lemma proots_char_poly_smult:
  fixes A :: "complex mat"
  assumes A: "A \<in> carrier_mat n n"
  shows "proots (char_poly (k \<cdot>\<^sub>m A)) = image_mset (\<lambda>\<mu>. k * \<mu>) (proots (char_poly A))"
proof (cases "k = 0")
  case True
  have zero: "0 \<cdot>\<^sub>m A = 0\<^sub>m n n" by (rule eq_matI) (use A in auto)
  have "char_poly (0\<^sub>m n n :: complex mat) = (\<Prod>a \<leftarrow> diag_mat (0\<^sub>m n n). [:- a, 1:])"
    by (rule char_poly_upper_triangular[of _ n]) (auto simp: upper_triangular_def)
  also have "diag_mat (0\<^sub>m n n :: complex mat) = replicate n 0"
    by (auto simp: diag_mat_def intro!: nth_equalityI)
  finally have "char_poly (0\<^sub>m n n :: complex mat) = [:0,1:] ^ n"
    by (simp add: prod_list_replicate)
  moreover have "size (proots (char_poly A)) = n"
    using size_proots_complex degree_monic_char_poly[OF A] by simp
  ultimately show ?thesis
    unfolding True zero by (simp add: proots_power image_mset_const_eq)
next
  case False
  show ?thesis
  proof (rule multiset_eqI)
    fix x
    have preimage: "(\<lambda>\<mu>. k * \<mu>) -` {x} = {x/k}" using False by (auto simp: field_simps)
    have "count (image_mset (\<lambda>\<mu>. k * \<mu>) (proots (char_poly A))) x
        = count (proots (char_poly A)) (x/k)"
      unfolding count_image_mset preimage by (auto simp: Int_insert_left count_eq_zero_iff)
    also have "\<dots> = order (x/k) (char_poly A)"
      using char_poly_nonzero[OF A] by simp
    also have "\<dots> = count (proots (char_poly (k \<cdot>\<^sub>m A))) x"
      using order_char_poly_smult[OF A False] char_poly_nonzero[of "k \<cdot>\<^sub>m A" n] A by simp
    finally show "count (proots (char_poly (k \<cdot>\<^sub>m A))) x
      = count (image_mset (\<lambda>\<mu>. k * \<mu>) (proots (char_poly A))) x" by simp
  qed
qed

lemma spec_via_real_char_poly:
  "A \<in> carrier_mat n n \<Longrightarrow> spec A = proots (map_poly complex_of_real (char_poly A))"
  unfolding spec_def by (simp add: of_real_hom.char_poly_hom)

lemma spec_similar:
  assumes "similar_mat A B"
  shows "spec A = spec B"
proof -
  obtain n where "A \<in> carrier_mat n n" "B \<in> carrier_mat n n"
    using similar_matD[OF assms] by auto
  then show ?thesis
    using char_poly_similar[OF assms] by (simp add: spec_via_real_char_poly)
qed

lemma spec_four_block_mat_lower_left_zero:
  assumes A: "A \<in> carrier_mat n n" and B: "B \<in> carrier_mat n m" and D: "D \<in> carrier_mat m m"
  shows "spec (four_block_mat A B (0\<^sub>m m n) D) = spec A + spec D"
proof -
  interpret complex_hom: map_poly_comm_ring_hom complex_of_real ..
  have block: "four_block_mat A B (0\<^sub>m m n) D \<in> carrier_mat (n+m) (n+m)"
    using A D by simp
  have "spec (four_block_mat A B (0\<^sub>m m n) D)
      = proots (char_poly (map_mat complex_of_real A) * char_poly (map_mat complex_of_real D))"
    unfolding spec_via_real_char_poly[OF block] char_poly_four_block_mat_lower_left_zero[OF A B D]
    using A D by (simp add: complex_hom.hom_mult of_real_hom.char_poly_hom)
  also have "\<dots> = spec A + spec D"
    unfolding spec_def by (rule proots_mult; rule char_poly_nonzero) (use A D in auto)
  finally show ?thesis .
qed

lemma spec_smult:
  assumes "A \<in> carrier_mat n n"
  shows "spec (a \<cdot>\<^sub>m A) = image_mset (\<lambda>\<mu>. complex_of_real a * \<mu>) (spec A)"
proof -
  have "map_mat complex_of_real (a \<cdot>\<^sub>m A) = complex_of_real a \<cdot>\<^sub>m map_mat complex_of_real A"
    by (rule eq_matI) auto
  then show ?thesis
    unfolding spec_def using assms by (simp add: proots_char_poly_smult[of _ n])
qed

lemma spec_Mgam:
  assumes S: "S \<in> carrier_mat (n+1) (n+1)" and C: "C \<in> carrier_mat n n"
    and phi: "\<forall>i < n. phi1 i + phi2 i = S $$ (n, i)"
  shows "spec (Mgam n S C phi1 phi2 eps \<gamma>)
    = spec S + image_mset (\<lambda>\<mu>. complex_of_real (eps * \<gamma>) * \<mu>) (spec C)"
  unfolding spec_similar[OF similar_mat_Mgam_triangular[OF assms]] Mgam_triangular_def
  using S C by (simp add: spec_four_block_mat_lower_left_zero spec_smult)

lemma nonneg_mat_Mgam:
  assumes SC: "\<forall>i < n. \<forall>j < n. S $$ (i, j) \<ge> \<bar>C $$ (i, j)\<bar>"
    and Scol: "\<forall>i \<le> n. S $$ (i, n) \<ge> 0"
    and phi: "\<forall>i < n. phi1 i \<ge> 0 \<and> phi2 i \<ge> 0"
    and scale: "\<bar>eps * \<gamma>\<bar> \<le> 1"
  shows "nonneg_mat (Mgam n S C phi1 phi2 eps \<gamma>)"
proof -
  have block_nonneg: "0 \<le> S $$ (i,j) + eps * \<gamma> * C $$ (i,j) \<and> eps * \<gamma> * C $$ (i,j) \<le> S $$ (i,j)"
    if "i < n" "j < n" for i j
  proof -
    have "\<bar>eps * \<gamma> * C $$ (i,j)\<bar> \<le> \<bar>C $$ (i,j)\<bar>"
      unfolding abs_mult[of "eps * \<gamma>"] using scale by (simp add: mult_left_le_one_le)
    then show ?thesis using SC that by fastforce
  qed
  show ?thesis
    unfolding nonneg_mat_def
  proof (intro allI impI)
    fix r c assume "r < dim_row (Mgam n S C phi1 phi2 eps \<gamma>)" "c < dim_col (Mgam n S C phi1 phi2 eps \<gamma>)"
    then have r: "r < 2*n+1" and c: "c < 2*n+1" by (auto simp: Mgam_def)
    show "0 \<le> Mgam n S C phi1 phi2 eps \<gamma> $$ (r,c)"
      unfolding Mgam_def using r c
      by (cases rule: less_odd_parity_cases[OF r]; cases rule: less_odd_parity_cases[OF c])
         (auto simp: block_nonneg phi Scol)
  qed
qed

### [WORK INSTRUCTION]
In full and exactly as written, repeat the data.

### [PROBLEM SOLUTION]
lemma proots_char_poly_smult:
  fixes A :: "complex mat"
  assumes A: "A \<in> carrier_mat n n"
  shows "proots (char_poly (k \<cdot>\<^sub>m A)) = image_mset (\<lambda>\<mu>. k * \<mu>) (proots (char_poly A))"
proof (cases "k = 0")
  case True
  have zero: "0 \<cdot>\<^sub>m A = 0\<^sub>m n n" by (rule eq_matI) (use A in auto)
  have "char_poly (0\<^sub>m n n :: complex mat) = (\<Prod>a \<leftarrow> diag_mat (0\<^sub>m n n). [:- a, 1:])"
    by (rule char_poly_upper_triangular[of _ n]) (auto simp: upper_triangular_def)
  also have "diag_mat (0\<^sub>m n n :: complex mat) = replicate n 0"
    by (auto simp: diag_mat_def intro!: nth_equalityI)
  finally have "char_poly (0\<^sub>m n n :: complex mat) = [:0,1:] ^ n"
    by (simp add: prod_list_replicate)
  moreover have "size (proots (char_poly A)) = n"
    using size_proots_complex degree_monic_char_poly[OF A] by simp
  ultimately show ?thesis
    unfolding True zero by (simp add: proots_power image_mset_const_eq)
next
  case False
  show ?thesis
  proof (rule multiset_eqI)
    fix x
    have preimage: "(\<lambda>\<mu>. k * \<mu>) -` {x} = {x/k}" using False by (auto simp: field_simps)
    have "count (image_mset (\<lambda>\<mu>. k * \<mu>) (proots (char_poly A))) x
        = count (proots (char_poly A)) (x/k)"
      unfolding count_image_mset preimage by (auto simp: Int_insert_left count_eq_zero_iff)
    also have "\<dots> = order (x/k) (char_poly A)"
      using char_poly_nonzero[OF A] by simp
    also have "\<dots> = count (proots (char_poly (k \<cdot>\<^sub>m A))) x"
      using order_char_poly_smult[OF A False] char_poly_nonzero[of "k \<cdot>\<^sub>m A" n] A by simp
    finally show "count (proots (char_poly (k \<cdot>\<^sub>m A))) x
      = count (image_mset (\<lambda>\<mu>. k * \<mu>) (proots (char_poly A))) x" by simp
  qed
qed

lemma spec_via_real_char_poly:
  "A \<in> carrier_mat n n \<Longrightarrow> spec A = proots (map_poly complex_of_real (char_poly A))"
  unfolding spec_def by (simp add: of_real_hom.char_poly_hom)

lemma spec_similar:
  assumes "similar_mat A B"
  shows "spec A = spec B"
proof -
  obtain n where "A \<in> carrier_mat n n" "B \<in> carrier_mat n n"
    using similar_matD[OF assms] by auto
  then show ?thesis
    using char_poly_similar[OF assms] by (simp add: spec_via_real_char_poly)
qed

lemma spec_four_block_mat_lower_left_zero:
  assumes A: "A \<in> carrier_mat n n" and B: "B \<in> carrier_mat n m" and D: "D \<in> carrier_mat m m"
  shows "spec (four_block_mat A B (0\<^sub>m m n) D) = spec A + spec D"
proof -
  interpret complex_hom: map_poly_comm_ring_hom complex_of_real ..
  have block: "four_block_mat A B (0\<^sub>m m n) D \<in> carrier_mat (n+m) (n+m)"
    using A D by simp
  have "spec (four_block_mat A B (0\<^sub>m m n) D)
      = proots (char_poly (map_mat complex_of_real A) * char_poly (map_mat complex_of_real D))"
    unfolding spec_via_real_char_poly[OF block] char_poly_four_block_mat_lower_left_zero[OF A B D]
    using A D by (simp add: complex_hom.hom_mult of_real_hom.char_poly_hom)
  also have "\<dots> = spec A + spec D"
    unfolding spec_def by (rule proots_mult; rule char_poly_nonzero) (use A D in auto)
  finally show ?thesis .
qed

lemma spec_smult:
  assumes "A \<in> carrier_mat n n"
  shows "spec (a \<cdot>\<^sub>m A) = image_mset (\<lambda>\<mu>. complex_of_real a * \<mu>) (spec A)"
proof -
  have "map_mat complex_of_real (a \<cdot>\<^sub>m A) = complex_of_real a \<cdot>\<^sub>m map_mat complex_of_real A"
    by (rule eq_matI) auto
  then show ?thesis
    unfolding spec_def using assms by (simp add: proots_char_poly_smult[of _ n])
qed

lemma spec_Mgam:
  assumes S: "S \<in> carrier_mat (n+1) (n+1)" and C: "C \<in> carrier_mat n n"
    and phi: "\<forall>i < n. phi1 i + phi2 i = S $$ (n, i)"
  shows "spec (Mgam n S C phi1 phi2 eps \<gamma>)
    = spec S + image_mset (\<lambda>\<mu>. complex_of_real (eps * \<gamma>) * \<mu>) (spec C)"
  unfolding spec_similar[OF similar_mat_Mgam_triangular[OF assms]] Mgam_triangular_def
  using S C by (simp add: spec_four_block_mat_lower_left_zero spec_smult)

lemma nonneg_mat_Mgam:
  assumes SC: "\<forall>i < n. \<forall>j < n. S $$ (i, j) \<ge> \<bar>C $$ (i, j)\<bar>"
    and Scol: "\<forall>i \<le> n. S $$ (i, n) \<ge> 0"
    and phi: "\<forall>i < n. phi1 i \<ge> 0 \<and> phi2 i \<ge> 0"
    and scale: "\<bar>eps * \<gamma>\<bar> \<le> 1"
  shows "nonneg_mat (Mgam n S C phi1 phi2 eps \<gamma>)"
proof -
  have block_nonneg: "0 \<le> S $$ (i,j) + eps * \<gamma> * C $$ (i,j) \<and> eps * \<gamma> * C $$ (i,j) \<le> S $$ (i,j)"
    if "i < n" "j < n" for i j
  proof -
    have "\<bar>eps * \<gamma> * C $$ (i,j)\<bar> \<le> \<bar>C $$ (i,j)\<bar>"
      unfolding abs_mult[of "eps * \<gamma>"] using scale by (simp add: mult_left_le_one_le)
    then show ?thesis using SC that by fastforce
  qed
  show ?thesis
    unfolding nonneg_mat_def
  proof (intro allI impI)
    fix r c assume "r < dim_row (Mgam n S C phi1 phi2 eps \<gamma>)" "c < dim_col (Mgam n S C phi1 phi2 eps \<gamma>)"
    then have r: "r < 2*n+1" and c: "c < 2*n+1" by (auto simp: Mgam_def)
    show "0 \<le> Mgam n S C phi1 phi2 eps \<gamma> $$ (r,c)"
      unfolding Mgam_def using r c
      by (cases rule: less_odd_parity_cases[OF r]; cases rule: less_odd_parity_cases[OF c])
         (auto simp: block_nonneg phi Scol)
  qed
qed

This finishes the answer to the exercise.